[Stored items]
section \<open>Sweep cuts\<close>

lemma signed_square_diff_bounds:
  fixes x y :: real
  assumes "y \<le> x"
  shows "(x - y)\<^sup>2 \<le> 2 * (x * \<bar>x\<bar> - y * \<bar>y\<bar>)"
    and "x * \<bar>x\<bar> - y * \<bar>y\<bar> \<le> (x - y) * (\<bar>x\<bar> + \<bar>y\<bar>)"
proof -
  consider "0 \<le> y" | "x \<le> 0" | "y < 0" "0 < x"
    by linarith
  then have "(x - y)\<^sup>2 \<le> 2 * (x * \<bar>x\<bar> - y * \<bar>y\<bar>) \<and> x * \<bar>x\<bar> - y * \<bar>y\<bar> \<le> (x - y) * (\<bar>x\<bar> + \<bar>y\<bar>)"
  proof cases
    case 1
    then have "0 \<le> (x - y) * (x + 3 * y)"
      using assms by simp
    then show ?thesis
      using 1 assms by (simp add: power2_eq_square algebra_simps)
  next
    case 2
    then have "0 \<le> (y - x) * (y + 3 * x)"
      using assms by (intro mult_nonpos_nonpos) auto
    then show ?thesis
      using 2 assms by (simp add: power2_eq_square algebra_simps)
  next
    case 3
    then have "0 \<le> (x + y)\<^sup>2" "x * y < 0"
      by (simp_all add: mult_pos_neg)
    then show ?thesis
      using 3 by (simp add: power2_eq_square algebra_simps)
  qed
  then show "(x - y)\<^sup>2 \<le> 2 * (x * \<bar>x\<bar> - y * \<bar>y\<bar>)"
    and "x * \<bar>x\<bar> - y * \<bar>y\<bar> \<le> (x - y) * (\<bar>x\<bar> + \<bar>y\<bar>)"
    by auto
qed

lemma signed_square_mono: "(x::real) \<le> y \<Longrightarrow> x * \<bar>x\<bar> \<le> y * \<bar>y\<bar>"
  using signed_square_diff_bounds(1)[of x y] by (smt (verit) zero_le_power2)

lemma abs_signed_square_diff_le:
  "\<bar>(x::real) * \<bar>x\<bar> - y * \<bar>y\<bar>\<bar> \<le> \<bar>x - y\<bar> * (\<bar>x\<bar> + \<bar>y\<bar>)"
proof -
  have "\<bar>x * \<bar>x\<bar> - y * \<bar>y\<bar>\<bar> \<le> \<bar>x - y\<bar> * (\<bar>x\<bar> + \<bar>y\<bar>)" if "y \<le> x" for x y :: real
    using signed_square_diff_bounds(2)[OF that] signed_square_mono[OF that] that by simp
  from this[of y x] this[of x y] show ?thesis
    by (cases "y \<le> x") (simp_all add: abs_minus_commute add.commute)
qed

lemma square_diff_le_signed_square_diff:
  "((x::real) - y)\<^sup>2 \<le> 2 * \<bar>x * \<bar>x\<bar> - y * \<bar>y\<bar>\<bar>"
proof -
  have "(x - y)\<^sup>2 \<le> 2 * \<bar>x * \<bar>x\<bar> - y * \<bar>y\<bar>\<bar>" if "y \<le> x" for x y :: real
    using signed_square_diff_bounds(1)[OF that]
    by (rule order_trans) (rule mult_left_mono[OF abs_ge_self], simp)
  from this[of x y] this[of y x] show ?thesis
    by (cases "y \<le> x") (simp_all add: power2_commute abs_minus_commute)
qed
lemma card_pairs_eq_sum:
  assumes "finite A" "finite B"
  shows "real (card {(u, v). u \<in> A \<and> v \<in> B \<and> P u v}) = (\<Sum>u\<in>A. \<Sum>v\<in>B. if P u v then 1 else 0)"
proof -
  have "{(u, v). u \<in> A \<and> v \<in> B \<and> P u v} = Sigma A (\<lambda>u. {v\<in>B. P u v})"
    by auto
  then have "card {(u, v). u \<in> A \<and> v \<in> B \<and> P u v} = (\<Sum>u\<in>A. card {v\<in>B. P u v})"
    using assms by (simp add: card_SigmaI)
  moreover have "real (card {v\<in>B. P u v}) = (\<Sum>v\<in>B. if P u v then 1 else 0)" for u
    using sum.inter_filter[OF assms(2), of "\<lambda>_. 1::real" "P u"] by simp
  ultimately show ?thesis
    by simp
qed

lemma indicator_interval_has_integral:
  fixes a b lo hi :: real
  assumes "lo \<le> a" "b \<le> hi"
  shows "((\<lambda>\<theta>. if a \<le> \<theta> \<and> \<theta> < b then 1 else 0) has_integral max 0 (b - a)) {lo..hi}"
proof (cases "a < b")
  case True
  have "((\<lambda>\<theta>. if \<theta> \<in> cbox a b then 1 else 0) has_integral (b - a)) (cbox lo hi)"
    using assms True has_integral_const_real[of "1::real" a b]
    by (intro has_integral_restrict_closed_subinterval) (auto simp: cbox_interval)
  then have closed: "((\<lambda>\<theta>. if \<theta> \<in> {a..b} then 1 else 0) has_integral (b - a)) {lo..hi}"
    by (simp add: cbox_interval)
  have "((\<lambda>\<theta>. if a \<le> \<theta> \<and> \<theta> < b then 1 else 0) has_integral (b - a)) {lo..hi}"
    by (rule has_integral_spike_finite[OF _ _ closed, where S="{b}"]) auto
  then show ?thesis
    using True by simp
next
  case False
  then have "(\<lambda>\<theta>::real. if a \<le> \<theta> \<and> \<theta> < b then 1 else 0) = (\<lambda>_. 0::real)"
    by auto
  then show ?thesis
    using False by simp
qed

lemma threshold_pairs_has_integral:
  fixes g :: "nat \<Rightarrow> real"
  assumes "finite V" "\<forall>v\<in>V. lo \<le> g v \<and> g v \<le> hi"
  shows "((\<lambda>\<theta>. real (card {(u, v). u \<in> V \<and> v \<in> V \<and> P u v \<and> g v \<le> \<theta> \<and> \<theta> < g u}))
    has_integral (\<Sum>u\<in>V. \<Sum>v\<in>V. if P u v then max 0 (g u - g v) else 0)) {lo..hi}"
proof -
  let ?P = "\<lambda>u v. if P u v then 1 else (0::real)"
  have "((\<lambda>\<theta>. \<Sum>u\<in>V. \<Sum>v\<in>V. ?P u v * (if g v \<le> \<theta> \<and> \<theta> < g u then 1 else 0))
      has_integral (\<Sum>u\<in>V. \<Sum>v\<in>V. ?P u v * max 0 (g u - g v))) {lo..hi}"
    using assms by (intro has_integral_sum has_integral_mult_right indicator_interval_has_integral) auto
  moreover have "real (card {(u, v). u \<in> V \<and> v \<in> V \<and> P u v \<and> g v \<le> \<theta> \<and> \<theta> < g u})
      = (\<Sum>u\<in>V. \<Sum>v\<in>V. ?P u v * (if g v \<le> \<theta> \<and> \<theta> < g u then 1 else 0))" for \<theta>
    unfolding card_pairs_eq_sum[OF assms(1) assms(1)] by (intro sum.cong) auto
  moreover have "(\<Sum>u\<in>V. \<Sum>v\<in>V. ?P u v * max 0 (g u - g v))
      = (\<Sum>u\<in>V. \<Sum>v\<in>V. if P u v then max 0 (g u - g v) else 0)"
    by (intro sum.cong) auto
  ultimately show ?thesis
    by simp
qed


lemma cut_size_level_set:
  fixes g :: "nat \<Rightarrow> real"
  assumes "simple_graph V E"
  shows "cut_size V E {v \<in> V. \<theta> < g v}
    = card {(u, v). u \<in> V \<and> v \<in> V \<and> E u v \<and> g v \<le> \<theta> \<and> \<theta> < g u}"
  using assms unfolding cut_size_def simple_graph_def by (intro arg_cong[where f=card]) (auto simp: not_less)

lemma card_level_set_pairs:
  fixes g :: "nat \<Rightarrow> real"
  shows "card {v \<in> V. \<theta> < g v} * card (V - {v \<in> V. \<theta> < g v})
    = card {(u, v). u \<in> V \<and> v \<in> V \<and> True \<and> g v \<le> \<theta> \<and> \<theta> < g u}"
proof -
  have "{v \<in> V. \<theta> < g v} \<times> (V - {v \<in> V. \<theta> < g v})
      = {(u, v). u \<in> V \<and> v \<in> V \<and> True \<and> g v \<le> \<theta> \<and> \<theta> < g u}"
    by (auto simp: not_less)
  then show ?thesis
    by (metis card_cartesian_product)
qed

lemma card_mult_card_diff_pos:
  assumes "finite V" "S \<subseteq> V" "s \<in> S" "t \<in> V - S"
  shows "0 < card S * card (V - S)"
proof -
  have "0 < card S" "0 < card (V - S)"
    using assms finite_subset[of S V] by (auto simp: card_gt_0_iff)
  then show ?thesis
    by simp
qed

--

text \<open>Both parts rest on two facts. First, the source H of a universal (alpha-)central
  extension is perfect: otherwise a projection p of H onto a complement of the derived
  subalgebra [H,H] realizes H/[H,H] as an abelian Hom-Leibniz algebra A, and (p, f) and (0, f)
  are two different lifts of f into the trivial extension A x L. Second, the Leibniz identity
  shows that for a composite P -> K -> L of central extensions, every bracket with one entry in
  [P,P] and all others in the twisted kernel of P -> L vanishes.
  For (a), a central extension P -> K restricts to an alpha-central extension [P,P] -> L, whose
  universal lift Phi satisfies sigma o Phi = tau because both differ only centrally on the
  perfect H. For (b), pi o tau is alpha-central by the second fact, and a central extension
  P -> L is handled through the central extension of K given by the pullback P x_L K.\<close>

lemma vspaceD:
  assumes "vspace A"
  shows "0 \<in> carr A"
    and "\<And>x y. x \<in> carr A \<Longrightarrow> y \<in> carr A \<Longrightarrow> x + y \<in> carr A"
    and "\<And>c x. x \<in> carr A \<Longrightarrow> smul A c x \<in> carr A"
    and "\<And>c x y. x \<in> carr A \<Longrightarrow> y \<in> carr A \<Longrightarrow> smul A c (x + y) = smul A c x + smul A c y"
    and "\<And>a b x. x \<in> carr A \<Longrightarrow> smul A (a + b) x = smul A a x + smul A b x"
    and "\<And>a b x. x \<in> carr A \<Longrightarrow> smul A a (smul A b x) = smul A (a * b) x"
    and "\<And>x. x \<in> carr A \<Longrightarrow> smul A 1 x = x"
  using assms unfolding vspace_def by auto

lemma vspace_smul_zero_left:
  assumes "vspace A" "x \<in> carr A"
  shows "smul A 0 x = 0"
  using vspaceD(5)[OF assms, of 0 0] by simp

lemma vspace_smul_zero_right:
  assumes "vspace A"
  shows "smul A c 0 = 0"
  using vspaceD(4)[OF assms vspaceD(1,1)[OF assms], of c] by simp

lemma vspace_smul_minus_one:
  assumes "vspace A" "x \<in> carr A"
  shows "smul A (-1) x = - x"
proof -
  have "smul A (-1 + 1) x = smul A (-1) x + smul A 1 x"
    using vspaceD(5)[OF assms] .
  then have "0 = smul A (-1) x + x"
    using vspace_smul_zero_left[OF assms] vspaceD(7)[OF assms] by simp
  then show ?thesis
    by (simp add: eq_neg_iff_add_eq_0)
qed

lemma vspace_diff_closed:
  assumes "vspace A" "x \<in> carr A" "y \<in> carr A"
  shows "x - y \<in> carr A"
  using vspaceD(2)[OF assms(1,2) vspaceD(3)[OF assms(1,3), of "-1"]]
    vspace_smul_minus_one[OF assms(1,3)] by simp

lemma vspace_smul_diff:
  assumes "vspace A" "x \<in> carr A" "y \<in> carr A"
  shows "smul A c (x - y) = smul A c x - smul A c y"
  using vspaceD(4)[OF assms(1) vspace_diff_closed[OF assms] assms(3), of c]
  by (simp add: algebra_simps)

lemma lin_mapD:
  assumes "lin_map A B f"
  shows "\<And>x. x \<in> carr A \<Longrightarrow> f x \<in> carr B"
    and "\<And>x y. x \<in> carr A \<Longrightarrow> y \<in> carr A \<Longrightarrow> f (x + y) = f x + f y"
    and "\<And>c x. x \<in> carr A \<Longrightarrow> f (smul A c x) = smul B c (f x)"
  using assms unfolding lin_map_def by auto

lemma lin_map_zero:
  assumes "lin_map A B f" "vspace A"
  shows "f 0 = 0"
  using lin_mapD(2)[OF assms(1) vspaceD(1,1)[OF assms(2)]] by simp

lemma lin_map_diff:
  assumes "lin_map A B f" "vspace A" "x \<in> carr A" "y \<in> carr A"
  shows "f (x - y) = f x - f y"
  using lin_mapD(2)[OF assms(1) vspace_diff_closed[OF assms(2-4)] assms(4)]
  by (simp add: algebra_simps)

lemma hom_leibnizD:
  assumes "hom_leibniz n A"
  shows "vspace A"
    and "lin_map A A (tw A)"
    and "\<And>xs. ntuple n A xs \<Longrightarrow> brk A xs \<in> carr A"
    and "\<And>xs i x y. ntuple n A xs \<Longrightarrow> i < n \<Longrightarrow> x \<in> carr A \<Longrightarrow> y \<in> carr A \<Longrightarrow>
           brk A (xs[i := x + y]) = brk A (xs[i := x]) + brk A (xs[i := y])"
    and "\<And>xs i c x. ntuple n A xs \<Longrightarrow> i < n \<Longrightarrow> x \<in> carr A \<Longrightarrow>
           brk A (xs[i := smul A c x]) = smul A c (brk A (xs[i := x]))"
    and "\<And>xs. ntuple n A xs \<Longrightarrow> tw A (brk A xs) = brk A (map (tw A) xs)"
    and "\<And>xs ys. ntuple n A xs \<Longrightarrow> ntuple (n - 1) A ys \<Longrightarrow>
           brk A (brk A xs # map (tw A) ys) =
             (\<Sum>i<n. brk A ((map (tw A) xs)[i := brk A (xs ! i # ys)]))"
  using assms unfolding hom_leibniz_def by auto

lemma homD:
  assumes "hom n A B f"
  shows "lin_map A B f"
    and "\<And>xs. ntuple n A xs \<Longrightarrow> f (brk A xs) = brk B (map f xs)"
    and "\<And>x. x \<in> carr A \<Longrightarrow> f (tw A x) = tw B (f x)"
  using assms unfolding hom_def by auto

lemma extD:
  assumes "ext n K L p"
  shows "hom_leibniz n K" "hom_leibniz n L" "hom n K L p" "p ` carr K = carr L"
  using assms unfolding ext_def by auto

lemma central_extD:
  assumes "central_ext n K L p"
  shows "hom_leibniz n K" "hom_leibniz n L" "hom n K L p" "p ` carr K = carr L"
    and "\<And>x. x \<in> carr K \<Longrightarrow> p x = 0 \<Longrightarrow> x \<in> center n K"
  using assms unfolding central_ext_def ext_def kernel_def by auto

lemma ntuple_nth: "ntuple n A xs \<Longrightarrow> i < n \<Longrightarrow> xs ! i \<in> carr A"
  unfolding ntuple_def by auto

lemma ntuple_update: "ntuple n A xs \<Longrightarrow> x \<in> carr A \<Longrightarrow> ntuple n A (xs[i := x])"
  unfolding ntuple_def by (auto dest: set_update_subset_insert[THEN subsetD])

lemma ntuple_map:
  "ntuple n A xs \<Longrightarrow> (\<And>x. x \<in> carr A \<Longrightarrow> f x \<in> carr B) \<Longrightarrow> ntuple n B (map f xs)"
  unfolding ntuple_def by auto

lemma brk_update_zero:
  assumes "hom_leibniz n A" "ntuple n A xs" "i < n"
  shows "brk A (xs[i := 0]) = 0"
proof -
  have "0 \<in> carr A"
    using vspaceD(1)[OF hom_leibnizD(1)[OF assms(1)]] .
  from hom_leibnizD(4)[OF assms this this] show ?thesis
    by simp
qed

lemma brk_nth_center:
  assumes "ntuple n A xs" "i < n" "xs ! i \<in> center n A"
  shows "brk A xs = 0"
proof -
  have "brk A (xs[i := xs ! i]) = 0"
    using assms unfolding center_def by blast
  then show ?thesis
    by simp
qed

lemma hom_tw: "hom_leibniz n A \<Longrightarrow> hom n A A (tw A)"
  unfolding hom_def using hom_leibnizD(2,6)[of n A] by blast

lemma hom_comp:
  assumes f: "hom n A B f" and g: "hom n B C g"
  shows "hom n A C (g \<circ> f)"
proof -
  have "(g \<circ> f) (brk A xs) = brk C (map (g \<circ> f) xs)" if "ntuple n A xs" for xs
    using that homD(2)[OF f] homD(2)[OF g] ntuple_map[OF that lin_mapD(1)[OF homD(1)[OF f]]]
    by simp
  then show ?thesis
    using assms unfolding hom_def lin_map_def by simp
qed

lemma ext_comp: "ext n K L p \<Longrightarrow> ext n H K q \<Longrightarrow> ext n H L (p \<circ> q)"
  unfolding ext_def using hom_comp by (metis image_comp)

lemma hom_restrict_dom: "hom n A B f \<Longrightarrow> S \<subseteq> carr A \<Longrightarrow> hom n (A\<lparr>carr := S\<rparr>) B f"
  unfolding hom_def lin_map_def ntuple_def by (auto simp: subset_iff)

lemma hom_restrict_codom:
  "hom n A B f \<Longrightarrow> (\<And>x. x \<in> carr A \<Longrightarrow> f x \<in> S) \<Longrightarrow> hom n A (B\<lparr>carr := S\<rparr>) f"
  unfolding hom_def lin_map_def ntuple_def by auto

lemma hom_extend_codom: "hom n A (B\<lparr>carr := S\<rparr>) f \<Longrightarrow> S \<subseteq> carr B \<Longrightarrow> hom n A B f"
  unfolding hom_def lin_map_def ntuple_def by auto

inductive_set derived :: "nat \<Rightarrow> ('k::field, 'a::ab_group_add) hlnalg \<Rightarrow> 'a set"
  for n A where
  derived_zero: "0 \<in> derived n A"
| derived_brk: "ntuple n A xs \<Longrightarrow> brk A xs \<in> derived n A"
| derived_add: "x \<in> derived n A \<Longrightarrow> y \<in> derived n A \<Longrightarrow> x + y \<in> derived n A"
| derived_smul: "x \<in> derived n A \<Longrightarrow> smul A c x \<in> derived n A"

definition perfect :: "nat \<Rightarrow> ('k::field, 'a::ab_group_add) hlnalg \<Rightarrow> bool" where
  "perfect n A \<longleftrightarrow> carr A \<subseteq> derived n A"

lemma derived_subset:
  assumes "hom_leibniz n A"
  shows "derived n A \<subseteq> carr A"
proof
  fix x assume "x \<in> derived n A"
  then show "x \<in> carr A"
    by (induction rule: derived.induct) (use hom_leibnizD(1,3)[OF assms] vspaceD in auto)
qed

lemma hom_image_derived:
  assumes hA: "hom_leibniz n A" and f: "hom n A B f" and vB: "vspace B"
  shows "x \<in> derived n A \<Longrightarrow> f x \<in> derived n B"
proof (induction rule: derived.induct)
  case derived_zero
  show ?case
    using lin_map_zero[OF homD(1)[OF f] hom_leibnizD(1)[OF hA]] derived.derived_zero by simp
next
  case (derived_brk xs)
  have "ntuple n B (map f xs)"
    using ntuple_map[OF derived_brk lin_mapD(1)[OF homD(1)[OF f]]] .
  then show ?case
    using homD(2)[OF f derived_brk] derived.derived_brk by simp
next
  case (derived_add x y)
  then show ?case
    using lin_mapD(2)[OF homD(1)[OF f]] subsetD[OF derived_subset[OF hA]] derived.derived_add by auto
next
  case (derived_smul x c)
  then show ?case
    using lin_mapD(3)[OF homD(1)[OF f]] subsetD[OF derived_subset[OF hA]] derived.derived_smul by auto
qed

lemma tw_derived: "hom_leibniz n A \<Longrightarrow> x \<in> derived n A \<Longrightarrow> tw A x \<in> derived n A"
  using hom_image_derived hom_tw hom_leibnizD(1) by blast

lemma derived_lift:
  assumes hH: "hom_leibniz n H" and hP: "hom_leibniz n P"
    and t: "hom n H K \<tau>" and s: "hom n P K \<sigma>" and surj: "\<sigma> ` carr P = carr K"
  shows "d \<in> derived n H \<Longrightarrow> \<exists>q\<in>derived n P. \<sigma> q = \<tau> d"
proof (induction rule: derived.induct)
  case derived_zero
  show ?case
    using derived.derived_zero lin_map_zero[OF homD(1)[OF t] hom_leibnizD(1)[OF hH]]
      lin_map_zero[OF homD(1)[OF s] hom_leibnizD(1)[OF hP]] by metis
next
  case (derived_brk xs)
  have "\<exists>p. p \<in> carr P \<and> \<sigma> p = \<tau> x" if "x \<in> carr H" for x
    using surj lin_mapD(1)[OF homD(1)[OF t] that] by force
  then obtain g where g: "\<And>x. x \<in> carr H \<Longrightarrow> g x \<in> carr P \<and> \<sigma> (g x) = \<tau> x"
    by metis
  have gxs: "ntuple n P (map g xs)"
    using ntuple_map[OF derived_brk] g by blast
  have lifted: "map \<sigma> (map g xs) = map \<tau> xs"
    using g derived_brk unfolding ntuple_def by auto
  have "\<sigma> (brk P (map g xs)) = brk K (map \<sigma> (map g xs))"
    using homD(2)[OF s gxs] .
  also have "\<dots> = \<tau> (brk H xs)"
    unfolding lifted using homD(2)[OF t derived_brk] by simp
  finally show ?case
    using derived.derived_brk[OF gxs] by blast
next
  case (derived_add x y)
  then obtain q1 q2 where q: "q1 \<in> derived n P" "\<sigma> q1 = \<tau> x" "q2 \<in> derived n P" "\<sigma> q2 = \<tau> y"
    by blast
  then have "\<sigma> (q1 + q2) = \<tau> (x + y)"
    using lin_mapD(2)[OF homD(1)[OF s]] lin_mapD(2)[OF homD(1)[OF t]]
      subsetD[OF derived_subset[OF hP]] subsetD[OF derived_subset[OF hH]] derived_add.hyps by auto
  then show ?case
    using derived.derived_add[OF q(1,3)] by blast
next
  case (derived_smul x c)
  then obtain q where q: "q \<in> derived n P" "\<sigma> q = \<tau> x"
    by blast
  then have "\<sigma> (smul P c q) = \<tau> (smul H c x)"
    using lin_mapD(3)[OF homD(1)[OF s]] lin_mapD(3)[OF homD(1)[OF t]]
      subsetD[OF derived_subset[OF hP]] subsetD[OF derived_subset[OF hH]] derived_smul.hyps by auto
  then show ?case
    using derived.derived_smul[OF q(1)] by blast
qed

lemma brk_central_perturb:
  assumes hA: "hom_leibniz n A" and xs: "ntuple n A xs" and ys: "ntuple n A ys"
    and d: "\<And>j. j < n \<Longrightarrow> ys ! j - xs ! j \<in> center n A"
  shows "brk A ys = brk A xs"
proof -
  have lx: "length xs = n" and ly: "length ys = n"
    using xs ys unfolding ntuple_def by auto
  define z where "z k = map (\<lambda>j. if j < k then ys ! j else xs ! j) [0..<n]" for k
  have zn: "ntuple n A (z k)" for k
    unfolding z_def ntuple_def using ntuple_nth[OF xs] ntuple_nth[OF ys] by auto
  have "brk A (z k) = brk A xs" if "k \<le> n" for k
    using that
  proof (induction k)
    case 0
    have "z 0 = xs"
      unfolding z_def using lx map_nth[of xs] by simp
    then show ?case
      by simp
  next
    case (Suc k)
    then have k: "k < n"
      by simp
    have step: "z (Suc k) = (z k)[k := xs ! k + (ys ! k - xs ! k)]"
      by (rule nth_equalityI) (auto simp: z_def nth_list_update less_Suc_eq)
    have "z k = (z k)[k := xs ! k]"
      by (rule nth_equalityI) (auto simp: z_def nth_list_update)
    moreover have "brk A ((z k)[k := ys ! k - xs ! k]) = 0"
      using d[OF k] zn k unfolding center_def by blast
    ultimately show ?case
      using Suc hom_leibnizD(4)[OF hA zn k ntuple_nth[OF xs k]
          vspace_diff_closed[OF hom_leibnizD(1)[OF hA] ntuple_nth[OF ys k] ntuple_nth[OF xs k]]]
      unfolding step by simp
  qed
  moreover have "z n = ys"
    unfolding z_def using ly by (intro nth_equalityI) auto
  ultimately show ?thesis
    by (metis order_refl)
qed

=== Activity ===
Give the exact lines, and only those, from the line containing "unfolding card_pairs_eq_sum[OF assms(1)" through the line containing "using assms unfolding cut_size_def" in the entries above.

=== Output below ===
    unfolding card_pairs_eq_sum[OF assms(1) assms(1)] by (intro sum.cong) auto
  moreover have "(\<Sum>u\<in>V. \<Sum>v\<in>V. ?P u v * max 0 (g u - g v))
      = (\<Sum>u\<in>V. \<Sum>v\<in>V. if P u v then max 0 (g u - g v) else 0)"
    by (intro sum.cong) auto
  ultimately show ?thesis
    by simp
qed


lemma cut_size_level_set:
  fixes g :: "nat \<Rightarrow> real"
  assumes "simple_graph V E"
  shows "cut_size V E {v \<in> V. \<theta> < g v}
    = card {(u, v). u \<in> V \<and> v \<in> V \<and> E u v \<and> g v \<le> \<theta> \<and> \<theta> < g u}"
  using assms unfolding cut_size_def simple_graph_def by (intro arg_cong[where f=card]) (auto simp: not_less)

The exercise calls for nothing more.